Les deux tours

La deuxième tour identifiée

 

Depuis que l’on a le plan du village et de la Prévôté (daté de 1759) paru dans le livre de Th. Louïse et  E. Auger, La ville franche et Prévôté d’Haspres dans Souvenirs de la Flandre wallonne, un indice me préoccupe : c’est le dessin d’une tour qui se trouve dans une pâture derrière la Prévôté, au sud, le long du deuxième bras de la rivière. Il y a plusieurs années, j’avais pris une photo de cet emplacement où on ne distingue rien. Et puis, en reprenant un commentaire des archives sur Haspres, j’ai fait le rapprochement entre ce plan, le commentaire et l’analyse que j’avais faite sur le dessin de Josua De Grave, où on trouvait un édifice isolé au sud de l’église et qui ne semblait pas être connu.

Voici le commentaire des archives. En 1636, le Prévôt et la Loy d’Haspres expriment au vicariat de Cambrai le souhait d’obtenir une portion du cimetière dans le but de la fermer avec des murailles  et d’y bâtir une tour pour se mettre à l’abri des incursions des ennemis. On sait qu’un cimetière existait à l’emplacement actuel du monument aux morts. Il pourrait donc s’agir de ce cimetière mais n’étant pas déjà très grand, une portion avec des murailles et une tour capable d’accueillir une population aurait pris tout l’espace. D’autant qu’à cette époque, un cimetière fortifié était doté d’une ou plusieurs tours dont le diamètre variait de 2 à 3 mètres, ce qui ne laisse pas beaucoup de place pour loger les habitants. Il s'agit donc d'un cimetière qui entourait l’église sur ses parties nord – est – sud que l'on retrouve sur un plan de la fin du 18ième, visible aux archives départementales du Nord. L’analyse des miniatures du Duc de Croÿ (1608 – 1609) ne permet pas de voir une tour ni des murailles au début du 17ième siècle derrière l’église ou la Prévôté. Ces constructions ont donc été réalisées ultérieurement, c'est-à-dire en 1636 ou après, et apparaissent donc sur le dessin de 1711 de Josua De Grave et sur le plan de 1759.

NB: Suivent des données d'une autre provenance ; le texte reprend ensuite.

(* (Rohlin's Lemma for isometries) Let $S\subseteq\mathbb N$ be infinite. Then the set $\{g\in{\rm Iso}(\mathbb U): \exists n\in S\ g^n=1\}$ is dense in ${\rm Iso}(\mathbb U)$.
   Context: The Urysohn metric space $\mathbb U$ is, up to isometry, the unique complete separable metric space such that every isometric embedding of a finite metric space $\mathbf A$ into $\mathbb U$ extends to any one-point metric extension $\mathbf A\cup\{y\}$. ${\rm Iso}(\mathbb U)$ is its isometry group with the topology of pointwise convergence (basic neighbourhoods of the identity: $\{h: d(hx,x)<\epsilon\ \forall x\in\mathbf A\}$, $\mathbf A$ finite, $\epsilon>0$). *)

theory Defs
  imports "HOL-Analysis.Analysis"
begin

text \<open>A one-point metric extension of A is given by the distances
r a > 0 from the new point y to the points a of A, subject to the triangle inequalities.\<close>
definition urysohn_extension_property :: "('a::metric_space) itself \<Rightarrow> bool" where
  "urysohn_extension_property _ \<longleftrightarrow>
     (\<forall>(A::'a set) (r::'a \<Rightarrow> real). finite A \<longrightarrow>
        (\<forall>a\<in>A. r a > 0) \<longrightarrow>
        (\<forall>a\<in>A. \<forall>b\<in>A. \<bar>r a - r b\<bar> \<le> dist a b \<and> dist a b \<le> r a + r b) \<longrightarrow>
        (\<exists>z. \<forall>a\<in>A. dist z a = r a))"

definition urysohn_space :: "('a::polish_space) itself \<Rightarrow> bool" where
  "urysohn_space T \<longleftrightarrow> urysohn_extension_property T"

definition isometries :: "('a::metric_space \<Rightarrow> 'a) set" where
  "isometries = {f. (\<forall>x y. dist (f x) (f y) = dist x y) \<and> surj f}"

end

theory Submission
  imports Defs
begin

text \<open>Given an isometry \<open>g\<close>, a finite set \<open>A\<close> and \<open>\<delta> > 0\<close>, choose \<open>n \<in> S\<close> with
  \<open>n \<delta>\<close> above the diameter of \<open>B = A \<union> g A\<close>. On \<open>\<int>/n \<times> B\<close>, with \<open>(i, a)\<close> standing for
  \<open>p\<^sup>i a\<close>, put \<open>\<rho>((i, a), (j, b)) = min (n \<delta>) (min {d(a, g\<^sup>m b) + |m| \<delta> : |m| < n, m \<equiv> j - i})\<close>.
  This pseudometric agrees with \<open>d\<close> on the layer \<open>{0} \<times> B\<close>, is invariant under the shift
  \<open>(i, a) \<mapsto> (i + 1, a)\<close> of period \<open>n\<close>, and puts \<open>(1, a)\<close> within \<open>\<delta>\<close> of \<open>(0, g a)\<close>.
  Realizing it in \<open>U\<close> by the extension property turns the shift into a partial isometry \<open>p\<close>
  of period \<open>n\<close> on a finite set, with \<open>d(p a, g a) \<le> \<delta>\<close> on \<open>A\<close>.

  A finite partial isometry of period \<open>n\<close> is a bijection of its domain, so extending it to
  one more point only requires adding the whole orbit of that point: glue \<open>n\<close> new points to
  the domain by shortest paths (an amalgamation, again realized in \<open>U\<close>) and rotate them.
  Running through a dense sequence gives a periodic isometry of a dense set, whose continuous
  extension is an isometry \<open>h\<close> of \<open>U\<close> with \<open>h\<^sup>n = 1\<close> that is \<open>\<delta>\<close>-close to \<open>g\<close> on \<open>A\<close>.\<close>

section \<open>Realizing finite pseudometrics\<close>

definition pseudometric_on :: "'i set \<Rightarrow> ('i \<Rightarrow> 'i \<Rightarrow> real) \<Rightarrow> bool" where
  "pseudometric_on I \<rho> \<longleftrightarrow> (\<forall>i\<in>I. \<rho> i i = 0) \<and> (\<forall>i\<in>I. \<forall>j\<in>I. \<rho> i j = \<rho> j i)
     \<and> (\<forall>i\<in>I. \<forall>j\<in>I. \<forall>k\<in>I. \<rho> i k \<le> \<rho> i j + \<rho> j k)"
(* Let $\mathcal X$ be a finite set with $|\mathcal X|\ge n\ge1$, $s:2^{\mathcal X}\to\mathbb R$ non-negative and monotone, $d$ a metric on $\mathcal X$, $\mathrm{div}$ the associated sum-dispersion, $\lambda>0$, and $\alpha\in(0,1]$. Let $B_n$ be the output of an $\alpha$-approximate greedy run for the set function $\tilde a:=\tfrac12 s+\lambda\,\mathrm{div}$ with cardinality $n$, let $a:=s+\lambda\,\mathrm{div}$, and let $B_n^*\in\arg\max_{B\subseteq\mathcal X,|B|=n}a(B)$. Then $$a(B_n)\ge\frac{\alpha\hat\gamma}{2}\,a(B_n^* ),\qquad\hat\gamma:=\gamma_{B_n^*\cup B_n,n}(s).$$
   Context: Marginal gain: $\Delta_f(x\mid B):=f(B\cup\{x\})-f(B)$ for a set function $f$. $s$ is monotone if $\Delta_s(x\mid B)\ge0$ for all $B$ and $x\notin B$; non-negative if $s(B)\ge0$ for all $B$. Sum-dispersion: $\mathrm{div}(B):=\frac12\sum_{x\in B}\sum_{x'\in B}d(x,x')$. An $\alpha$-approximate greedy run for a set function $f$ with cardinality $n$: $B_0=\emptyset$ and for $i=0,\dots,n-1$ an element $x_i\in\mathcal X\setminus B_i$ is chosen with $\Delta_f(x_i\mid B_i)\ge\alpha\max_{x\in\mathcal X\setminus B_i}\Delta_f(x\mid B_i)$, and $B_{i+1}=B_i\cup\{x_i\}$; its output is $B_n$. Submodularity ratio: $\gamma_{B,n}(s):=\min_{S\subseteq\mathcal X,\ B'\subseteq B\setminus S,\ |S|\le n}\frac{\sum_{x\in S}\Delta_s(x\mid B')}{s(B'\cup S)-s(B')}$, with $0/0:=1$ and $c/0:=+\infty$ for $c>0$. *)

theory Defs
  imports Complex_Main "HOL-Library.Extended_Real"
begin

definition marg :: "('a set \<Rightarrow> real) \<Rightarrow> 'a \<Rightarrow> 'a set \<Rightarrow> real" where
  "marg f x B = f (B \<union> {x}) - f B"

definition monotone_sf :: "'a set \<Rightarrow> ('a set \<Rightarrow> real) \<Rightarrow> bool" where
  "monotone_sf X s \<longleftrightarrow> (\<forall>B x. B \<subseteq> X \<longrightarrow> x \<in> X \<longrightarrow> x \<notin> B \<longrightarrow> marg s x B \<ge> 0)"

definition nonneg_sf :: "'a set \<Rightarrow> ('a set \<Rightarrow> real) \<Rightarrow> bool" where
  "nonneg_sf X s \<longleftrightarrow> (\<forall>B. B \<subseteq> X \<longrightarrow> s B \<ge> 0)"

definition is_metric_on :: "'a set \<Rightarrow> ('a \<Rightarrow> 'a \<Rightarrow> real) \<Rightarrow> bool" where
  "is_metric_on X d \<longleftrightarrow>
     (\<forall>x\<in>X. \<forall>y\<in>X. d x y \<ge> 0 \<and> (d x y = 0 \<longleftrightarrow> x = y) \<and> d x y = d y x) \<and>
     (\<forall>x\<in>X. \<forall>y\<in>X. \<forall>z\<in>X. d x z \<le> d x y + d y z)"

definition dispersion :: "('a \<Rightarrow> 'a \<Rightarrow> real) \<Rightarrow> 'a set \<Rightarrow> real" where
  "dispersion d B = (1/2) * (\<Sum>x\<in>B. \<Sum>x'\<in>B. d x x')"

text \<open>An alpha-approximate greedy run for f with cardinality n, given by its list of
  chosen elements xs = [x_0, ..., x_{n-1}]; B_i = set (take i xs); its output is set xs.\<close>
definition approx_greedy_run ::
  "'a set \<Rightarrow> ('a set \<Rightarrow> real) \<Rightarrow> real \<Rightarrow> nat \<Rightarrow> 'a list \<Rightarrow> bool" where
  "approx_greedy_run X f \<alpha> n xs \<longleftrightarrow> length xs = n \<and>
     (\<forall>i<n. xs ! i \<in> X - set (take i xs) \<and>
        (\<forall>x\<in>X - set (take i xs).
            marg f (xs ! i) (set (take i xs)) \<ge> \<alpha> * marg f x (set (take i xs))))"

Les tours de l’époque servaient de refuge pour les habitants, en attendant que le seigneur dont dépendait le village, intervienne avec ses troupes. Et malheureusement, les attaques, pillages et saccages se répétaient dans notre région frontalière. Les  démêlés entre le Hainaut et la Flandre, les Bouchard d’Avesnes et les Dampierre ou entre le Hainaut et la France, car nous n’étions pas Français, apportèrent leurs lots de viols, massacres et incendies.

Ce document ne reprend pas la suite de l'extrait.